DDPM

Diffusion Study

Diffusion

Diffusion Model

Likelihood

아래 둘 다 관측값 \(x\)가 나올 확률인데,

Markov process

KL-divergence

KL-diverence 특성 :

  1. \(KL(p \| q) \geq 0\) : 확률분포 p = q일 때 최소
  2. \(KL(p \| q) \neq KL(q \| p)\) (asymmetric) : 거리 개념이 아님
    거리 개념으로 쓰는 방법 : 2가지 KL-divergence를 평균내는 방식의 \(JSD(p \| q)\)

Diffusion Algorithm

Let \(\alpha_t = 1 - \beta_t\) and \(\bar \alpha_t = \prod_{s=1}^t \alpha_s\) and \(\epsilon \sim N(0, I)\)

  1. \[x_t \sim q(x_t | x_{t-1}, x_0) = q(x_t | x_{t-1}) = N(x_t ; \sqrt{\alpha_{t}} \cdot x_{t-1}, \beta_{t} \cdot \boldsymbol I)\]
  2. \[x_t \sim q(x_t | x_0) = N(x_t; \sqrt{\bar \alpha_{t}} x_{0}, (1-\bar \alpha_{t}) \boldsymbol I) = \sqrt{\bar \alpha_{t}}x_0 + \sqrt{1-\bar \alpha_{t}} \epsilon\]
  3. \(x_{t-1} \sim q(x_{t-1} | x_t, x_0) = N(x_{t-1}; \tilde \mu_{t}(x_t), \tilde \beta_{t})\)
    where \(\tilde \mu_{t}(x_t) = \frac{1}{\sqrt{\alpha_{t}}} (x_t - \frac{1 - \alpha_{t}}{\sqrt{1 - \bar \alpha_{t}}} \epsilon_{t}) = \frac{1}{\sqrt{\alpha_{t}}} (x_t - \frac{1 - \alpha_{t}}{\sqrt{1 - \bar \alpha_{t}}} \frac{x_t - \sqrt{\bar \alpha_{t}}x_0}{\sqrt{1-\bar \alpha_{t}}}) = \cdots = \sqrt{\bar \alpha_{t-1}} \frac{\beta_{t}}{1 - \bar \alpha_{t}} x_0 + \sqrt{\alpha_{t}} \frac{1 - \bar \alpha_{t-1}}{1 - \bar \alpha_{t}} x_t\)
    and \(\tilde \beta_{t} = \frac{1 - \bar \alpha_{t-1}}{1 - \bar \alpha_{t}} \beta_{t}\)

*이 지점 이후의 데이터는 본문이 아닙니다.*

theorem exists_norming_functional:
  fixes y :: "'b::real_normed_vector"
  shows "\<exists>f::'b \<Rightarrow>\<^sub>L real. norm f \<le> 1 \<and> blinfun_apply f y = norm y"
proof -
  define \<A> where "\<A> = {G. norm_dominated_graph G \<and> (y, norm y) \<in> G}"
  have "span {(y, norm y)} \<in> \<A>"
  proof -
    have "a \<le> norm x" if "(x, a) \<in> span {(y, norm y)}" for x a
      using that by (auto simp: span_singleton mult_right_mono)
    then show ?thesis
      unfolding \<A>_def norm_dominated_graph_def by (auto intro: subspace_span span_base)
  qed
  moreover have "\<Union>\<C> \<in> \<A>" if "\<C> \<noteq> {}" "subset.chain \<A> \<C>" for \<C>
  proof -
    have "\<C> \<subseteq> \<A>"
      using that(2) by (simp add: subset.chain_def)
    then have "subset.chain {G. norm_dominated_graph G} \<C>" "(y, norm y) \<in> \<Union>\<C>"
      using that by (auto simp: subset.chain_def \<A>_def)
    then show ?thesis
      using norm_dominated_graph_Union_chain[OF that(1)] by (simp add: \<A>_def)
  qed
  ultimately obtain M where M: "norm_dominated_graph M" "(y, norm y) \<in> M"
    and maximal: "\<And>G. G \<in> \<A> \<Longrightarrow> M \<subseteq> G \<Longrightarrow> G = M"
    using subset_Zorn_nonempty[of \<A>] unfolding \<A>_def by blast
  have total: "\<exists>a. (v, a) \<in> M" for v
  proof -
    obtain G c where "norm_dominated_graph G" "M \<subseteq> G" "(v, c) \<in> G"
      using norm_dominated_graph_extend[OF M(1), of v] by blast
    with maximal[of G] M(2) show ?thesis
      unfolding \<A>_def by blast
  qed
  define f where "f v = (THE a. (v, a) \<in> M)" for v
  have f_eq: "f v = a" if "(v, a) \<in> M" for v a
    unfolding f_def using that norm_dominated_graph_single_valued[OF M(1)] by blast
  have graph: "(v, f v) \<in> M" for v
    using total[of v] f_eq by blast
  have "linear f"
  proof
    show "f (u + v) = f u + f v" for u v
      using subspace_add[OF norm_dominated_graphD(1)[OF M(1)] graph graph] f_eq by simp
    show "f (r *\<^sub>R v) = r *\<^sub>R f v" for r v
      using norm_dominated_graph_scale[OF M(1) graph] f_eq by simp
  qed
  moreover have f_bound: "\<bar>f v\<bar> \<le> norm v" for v
    using norm_dominated_graph_abs_le[OF M(1) graph] .
  ultimately have "bounded_linear f"
    by (auto intro!: bounded_linear_intro[where K=1] simp: linear_add linear_scale)
  moreover have "norm (Blinfun f) \<le> 1"
    using f_bound
    by (intro norm_blinfun_bound) (simp_all add: bounded_linear_Blinfun_apply[OF \<open>bounded_linear f\<close>])
  moreover have "f y = norm y"
    using f_eq[OF M(2)] .
  ultimately show ?thesis
    by (metis bounded_linear_Blinfun_apply)
qed

corollary norm_le_if_dual_ball_le:
  fixes v :: "'b::real_normed_vector"
  assumes "\<And>f::'b \<Rightarrow>\<^sub>L real. norm f \<le> 1 \<Longrightarrow> blinfun_apply f v \<le> c"
  shows "norm v \<le> c"
proof -
  obtain f :: "'b \<Rightarrow>\<^sub>L real" where "norm f \<le> 1" "blinfun_apply f v = norm v"
    using exists_norming_functional by blast
  with assms[of f] show ?thesis
    by simp
qed

corollary dual_separates_points:
  fixes u v :: "'b::real_normed_vector"
  assumes "\<And>f::'b \<Rightarrow>\<^sub>L real. blinfun_apply f u = blinfun_apply f v"
  shows "u = v"
proof -
  have "norm (u - v) \<le> 0"
    using assms by (intro norm_le_if_dual_ball_le) (simp add: blinfun.diff_right)
  then show ?thesis by simp
qed

section \<open>Estimates for Frechet derivatives\<close>

lemma lipschitz_deriv_remainder_bound:
  fixes g :: "'a::real_normed_vector \<Rightarrow> 'c::real_normed_vector"
  assumes deriv: "\<And>x. (g has_derivative blinfun_apply (D x)) (at x)"
    and lipschitz: "\<And>x y. norm (D x - D y) \<le> K * norm (x - y)"
    and "K \<ge> 0"
  shows "norm (g (x + h) - g x - D x h) \<le> K * norm h ^ 2"
proof -
  define S where "S = {x + t *\<^sub>R h | t. t \<in> {0..1}}"
  have "norm (g (x + h) - g x - D x ((x + h) - x)) \<le> norm ((x + h) - x) * (K * norm h)"
  proof (rule differentiable_bound_linearization[where S=S])
    show "x + t *\<^sub>R (x + h - x) \<in> S" if "t \<in> {0..1}" for t
      using that by (auto simp: S_def)
    show "(g has_derivative blinfun_apply (D z)) (at z within S)" for z
      using deriv has_derivative_at_withinI by blast
    show "x \<in> S"
      unfolding S_def by (intro CollectI exI[of _ 0]) simp
    fix z assume "z \<in> S"
    then obtain t where t: "t \<in> {0..1}" "z = x + t *\<^sub>R h"
      by (auto simp: S_def)
    have "onorm (blinfun_apply (D z) - blinfun_apply (D x)) = norm (D z - D x)"
      by (simp add: norm_blinfun.rep_eq minus_blinfun.rep_eq fun_diff_def)
    also have "\<dots> \<le> K * norm (z - x)"
      by (rule lipschitz)
    also have "\<dots> \<le> K * norm h"
      using t \<open>K \<ge> 0\<close> by (auto intro!: mult_left_mono simp: mult_left_le_one_le)
    finally show "onorm (blinfun_apply (D z) - blinfun_apply (D x)) \<le> K * norm h" .
  qed
  then show ?thesis
    by (simp add: power2_eq_square mult_ac)
qed

lemma bounded_linear_if_bounded_on_cball:
  assumes "linear T" "\<delta> > 0" "\<And>h. norm h \<le> \<delta> \<Longrightarrow> norm (T h) \<le> M"
  shows "bounded_linear T"
proof -
  have "norm (T h) \<le> norm h * (M / \<delta>)" for h
  proof (cases "h = 0")
    case True
    then show ?thesis
      using linear_0[OF assms(1)] by simp
  next
    case False
    define k where "k = \<delta> / norm h"
    have "k > 0"
      using False assms(2) by (simp add: k_def)
    have "k * norm (T h) = norm (T (k *\<^sub>R h))"
      using \<open>k > 0\<close> by (simp add: linear_scale[OF assms(1)])
    also have "\<dots> \<le> M"
      using False assms(2) by (intro assms(3)) (simp add: k_def)
    finally show ?thesis
      using \<open>k > 0\<close> False assms(2) by (simp add: k_def field_simps)
  qed
  with assms(1) show ?thesis
    by (intro bounded_linear_intro[where K="M / \<delta>"]) (simp_all add: linear_add linear_scale)
qed
text \<open>\<open>2 \<theta> t - \<theta>\<^sup>2 \<sigma>\<close> is the tangent of \<open>t\<^sup>2 / \<sigma>\<close> at \<open>t = \<theta> \<sigma>\<close>.\<close>

lemma mul_min_ge_tangent:
  fixes t \<sigma> \<theta> :: real
  assumes "0 \<le> t" "\<sigma> > 0" "0 \<le> \<theta>" "\<theta> \<le> 1/2"
  shows "2 * \<theta> * t - \<theta>\<^sup>2 * \<sigma> \<le> t * min (t / \<sigma>) 1"
proof (cases "t \<le> \<sigma>")
  case True
  have "0 \<le> (t - \<theta> * \<sigma>)\<^sup>2 / \<sigma>"
    using assms(2) by simp
  also have "\<dots> = t * (t / \<sigma>) - (2 * \<theta> * t - \<theta>\<^sup>2 * \<sigma>)"
    using assms(2) by (simp add: power2_eq_square field_simps)
  finally show ?thesis
    using True assms(2) by (simp add: min_def)
next
  case False
  have "\<theta> * t \<le> 1/2 * t"
    using assms by (intro mult_right_mono) auto
  moreover have "0 \<le> \<theta>\<^sup>2 * \<sigma>"
    using assms(2) by simp
  moreover have "min (t / \<sigma>) 1 = 1"
    using False assms(2) by simp
  ultimately show ?thesis
    by (simp only:)
qed

lemma sum_mul_min_ge:
  fixes t :: "'i \<Rightarrow> real" and \<sigma> S :: real
  assumes "finite I" "\<sigma> > 0" "\<And>i. i \<in> I \<Longrightarrow> 0 \<le> t i" "0 \<le> S" "S \<le> (\<Sum>i\<in>I. t i)"
    and "2 * S \<le> card I * \<sigma>"
  shows "S\<^sup>2 / (card I * \<sigma>) \<le> (\<Sum>i\<in>I. t i * min (t i / \<sigma>) 1)"
proof (cases "I = {}")
  case True
  then show ?thesis
    by simp
next
  case False
  define n where "n = real (card I)"
  define \<theta> where "\<theta> = S / (n * \<sigma>)"
  have n: "n > 0"
    using assms(1) False by (simp add: n_def card_gt_0_iff)
  have \<theta>: "0 \<le> \<theta>" "\<theta> \<le> 1/2"
    using n assms(2,4,6) by (simp_all add: \<theta>_def n_def field_simps)
  have "S\<^sup>2 / (n * \<sigma>) = 2 * \<theta> * S - n * \<theta>\<^sup>2 * \<sigma>"
    using n assms(2) by (simp add: \<theta>_def power2_eq_square field_simps)
  also have "\<dots> \<le> 2 * \<theta> * (\<Sum>i\<in>I. t i) - n * \<theta>\<^sup>2 * \<sigma>"
    using \<theta> assms(5) by (simp add: mult_left_mono)
  also have "\<dots> = (\<Sum>i\<in>I. 2 * \<theta> * t i - \<theta>\<^sup>2 * \<sigma>)"
    by (simp add: n_def sum_subtractf sum_distrib_left)
  also have "\<dots> \<le> (\<Sum>i\<in>I. t i * min (t i / \<sigma>) 1)"
    using assms(2,3) \<theta> by (intro sum_mono mul_min_ge_tangent) auto
  finally show ?thesis
    by (simp add: n_def)
qed

lemma sum_abs_mul_min_ge:
  fixes d :: "nat \<Rightarrow> real" and s c \<Delta> :: real
  assumes "s > 0" "c > 0" "(1 + c) * \<Delta> \<le> (\<Sum>i<m. \<bar>d i\<bar>)" "0 \<le> \<Delta>" "4 * \<Delta> \<le> m * s"
  shows "\<Delta>\<^sup>2 / (m * s) \<le> (\<Sum>i<m. \<bar>d i\<bar> * min (\<bar>d i\<bar> / sqrt ((c * s)\<^sup>2 + s\<^sup>2)) 1) / (1 + c)"
proof -
  define \<sigma> where "\<sigma> = sqrt ((c * s)\<^sup>2 + s\<^sup>2)"
  have \<sigma>: "\<sigma> > 0" "\<sigma> \<le> (1 + c) * s" "(1 + c) * s \<le> 2 * \<sigma>"
    using assms(1,2) sqrt_mult_sq_add_sq_bounds[OF assms(1,2)] by (simp_all add: \<sigma>_def add_pos_nonneg)
  have "2 * ((1 + c) * \<Delta>) \<le> (1 + c) * (m * s) / 2"
    using assms(2,5) by (simp add: mult_left_mono)
  also have "\<dots> \<le> m * \<sigma>"
    using mult_left_mono[OF \<sigma>(3), of "real m"] by (simp add: algebra_simps)
  finally have "((1 + c) * \<Delta>)\<^sup>2 / (m * \<sigma>) \<le> (\<Sum>i<m. \<bar>d i\<bar> * min (\<bar>d i\<bar> / \<sigma>) 1)"
    using sum_mul_min_ge[of "{..<m}" \<sigma> "\<lambda>i. \<bar>d i\<bar>" "(1 + c) * \<Delta>"] \<sigma>(1) assms(2,3,4) by simp
  then have "(1 + c) * \<Delta>\<^sup>2 / (m * \<sigma>) \<le> (\<Sum>i<m. \<bar>d i\<bar> * min (\<bar>d i\<bar> / \<sigma>) 1) / (1 + c)"
    using assms(2) by (simp add: power_mult_distrib power2_eq_square field_simps)
  moreover have "\<Delta>\<^sup>2 / (m * s) \<le> (1 + c) * \<Delta>\<^sup>2 / (m * \<sigma>)"
  proof (cases "m = 0")
    case False
    have "m * (\<sigma> / (1 + c)) \<le> m * s"
      using \<sigma>(2) assms(2) by (intro mult_left_mono) (auto simp: field_simps)
    then have "\<Delta>\<^sup>2 / (m * s) \<le> \<Delta>\<^sup>2 / (m * (\<sigma> / (1 + c)))"
      using False \<sigma>(1) assms(1,2) by (intro divide_left_mono) (auto intro!: mult_pos_pos)
    then show ?thesis
      using assms(2) by (simp add: field_simps)
  qed simp
  ultimately show ?thesis
    unfolding \<sigma>_def by linarith
qed

lemma f_c_eq_sum_sign:
  assumes "c > 0"
  shows "f_c m ua ub c va vb
    = (\<Sum>i<m. (if c * va i > vb i then 1 else -1) * ((ub i - c * ua i) / (1 + c)))"
proof -
  have "f_c m ua ub c va vb = (\<Sum>i<m. xsel c va vb i * (ub i - c * ua i)) / (1 + c)"
    unfolding f_c_def e_a_def e_b_def
    by (simp add: sum_distrib_left sum_subtractf[symmetric] algebra_simps)
  then show ?thesis
    by (simp add: xsel_def sum_divide_distrib)
qed

lemma abs_mult_diff_le:
  fixes a b c :: real
  assumes "a \<in> {0..1}" "b \<in> {0..1}" "c > 0"
  shows "\<bar>c * a - b\<bar> \<le> 1 + c"
proof -
  have "c * a \<le> c * 1" "0 \<le> c * a"
    using assms by (auto intro: mult_left_mono)
  then show ?thesis
    using assms(2) by (auto simp: abs_le_iff)
qed
(* Let $$E=(\{0\}\times[0,1])\cup\bigcup_{n=1}^\infty\Big(\big(\{\tfrac1n\}\times[0,1]\big)\cup\big([\tfrac{1}{2n},\tfrac{1}{2n-1}]\times\{1\}\big)\cup\big([\tfrac{1}{2n+1},\tfrac{1}{2n}]\times\{0\}\big)\Big)\subseteq[0,1]^2.$$ Then $E$ is a connected closed subset of $[0,1]^2$ which is neither arcwise connected nor locally connected, and $E$ is a $B_1$-retract of $[0,1]^2$.
   Context: A function $f:X\to Y$ between topological spaces is a Baire-one function if it is the pointwise limit of a sequence of continuous functions $f_n:X\to Y$. A subset $E$ of $X$ (with the subspace topology) is a $B_1$-retract of $X$ if there exists a Baire-one function $r:X\to E$ with $r(x)=x$ for all $x\in E$. *)

theory Defs
  imports "HOL-Analysis.Analysis"
begin

definition baire_one_map :: "'a topology \<Rightarrow> 'b topology \<Rightarrow> ('a \<Rightarrow> 'b) \<Rightarrow> bool" where
  "baire_one_map X Y f \<longleftrightarrow>
     (\<exists>g :: nat \<Rightarrow> 'a \<Rightarrow> 'b. (\<forall>n. continuous_map X Y (g n)) \<and>
        (\<forall>x\<in>topspace X. limitin Y (\<lambda>n. g n x) (f x) sequentially))"

definition B1_retract :: "'a set \<Rightarrow> 'a topology \<Rightarrow> bool" where
  "B1_retract E X \<longleftrightarrow> E \<subseteq> topspace X \<and>
     (\<exists>r. baire_one_map X (subtopology X E) r \<and> (\<forall>x\<in>E. r x = x))"

definition arcwise_connected :: "'a::topological_space set \<Rightarrow> bool" where
  "arcwise_connected S \<longleftrightarrow>
     (\<forall>x\<in>S. \<forall>y\<in>S. x \<noteq> y \<longrightarrow>
        (\<exists>g. arc g \<and> path_image g \<subseteq> S \<and> pathstart g = x \<and> pathfinish g = y))"

definition E_set :: "(real \<times> real) set" where
  "E_set = ({0} \<times> {0..1}) \<union>
     (\<Union>n\<in>{1::nat..}. ({1 / real n} \<times> {0..1})
        \<union> ({1 / (2 * real n) .. 1 / (2 * real n - 1)} \<times> {1})
        \<union> ({1 / (2 * real n + 1) .. 1 / (2 * real n)} \<times> {0}))"

end

theory Submission
  imports Defs
begin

  4. \(x_{t-1} \sim p_{\theta}(x_{t-1} | x_t) = N(x_{t-1}; \mu_{\theta}(x_t, t), \tilde \beta_{t}) = \mu_{\theta}(x_t, t) + \tilde \beta_{t} \epsilon\)
    where \(\mu_{\theta}(x_t, t) = \frac{1}{\sqrt{\alpha_{t}}} (x_t - \frac{1 - \alpha_{t}}{\sqrt{1 - \bar \alpha_{t}}} \epsilon_{\theta}(x_t, t)) = \cdots = \sqrt{\bar \alpha_{t-1}} \frac{\beta_{t}}{1 - \bar \alpha_{t}} x_0 + \sqrt{\alpha_{t}} \frac{1 - \bar \alpha_{t-1}}{1 - \bar \alpha_{t}} x_t\)
    and \(\tilde \beta_{t} = \frac{1 - \bar \alpha_{t-1}}{1 - \bar \alpha_{t}} \beta_{t}\)
    (training param.로 학습하는 부분은 \(\epsilon_{\theta}(x_t, t)\) 뿐!!)

DDPM Diagram

reference : Link

Diffusion Model 및 DDPM Loss 수식 유도

Step 1. ELBO (Evidence Lower Bound) 꼴로 변환

\(log p_{\theta}(x_0)\)
\(= E_{x_T \sim q(x_T|x_0)}[log p_{\theta}(x_0)]\)
\(= E_{x_{1:T} \sim q(x_{1:T}|x_0)}[log \frac{p_{\theta}(x_{0:T})}{p_{\theta}(x_{1:T}|x_0)}]\)
\(= E_{x_{1:T} \sim q(x_{1:T}|x_0)}[log \frac{p_{\theta}(x_{0:T})}{q(x_{1:T}|x_0)}] + E_{x_{1:T} \sim q(x_{1:T}|x_0)}[log \frac{q(x_{1:T}|x_0)}{p_{\theta}(x_{1:T}|x_0)}] \cdots (\ast)\)
(\(p_{\theta}(x_{1:T}|x_0)\)은 intractable하므로 KL divergence 항에 넣어서 제거!)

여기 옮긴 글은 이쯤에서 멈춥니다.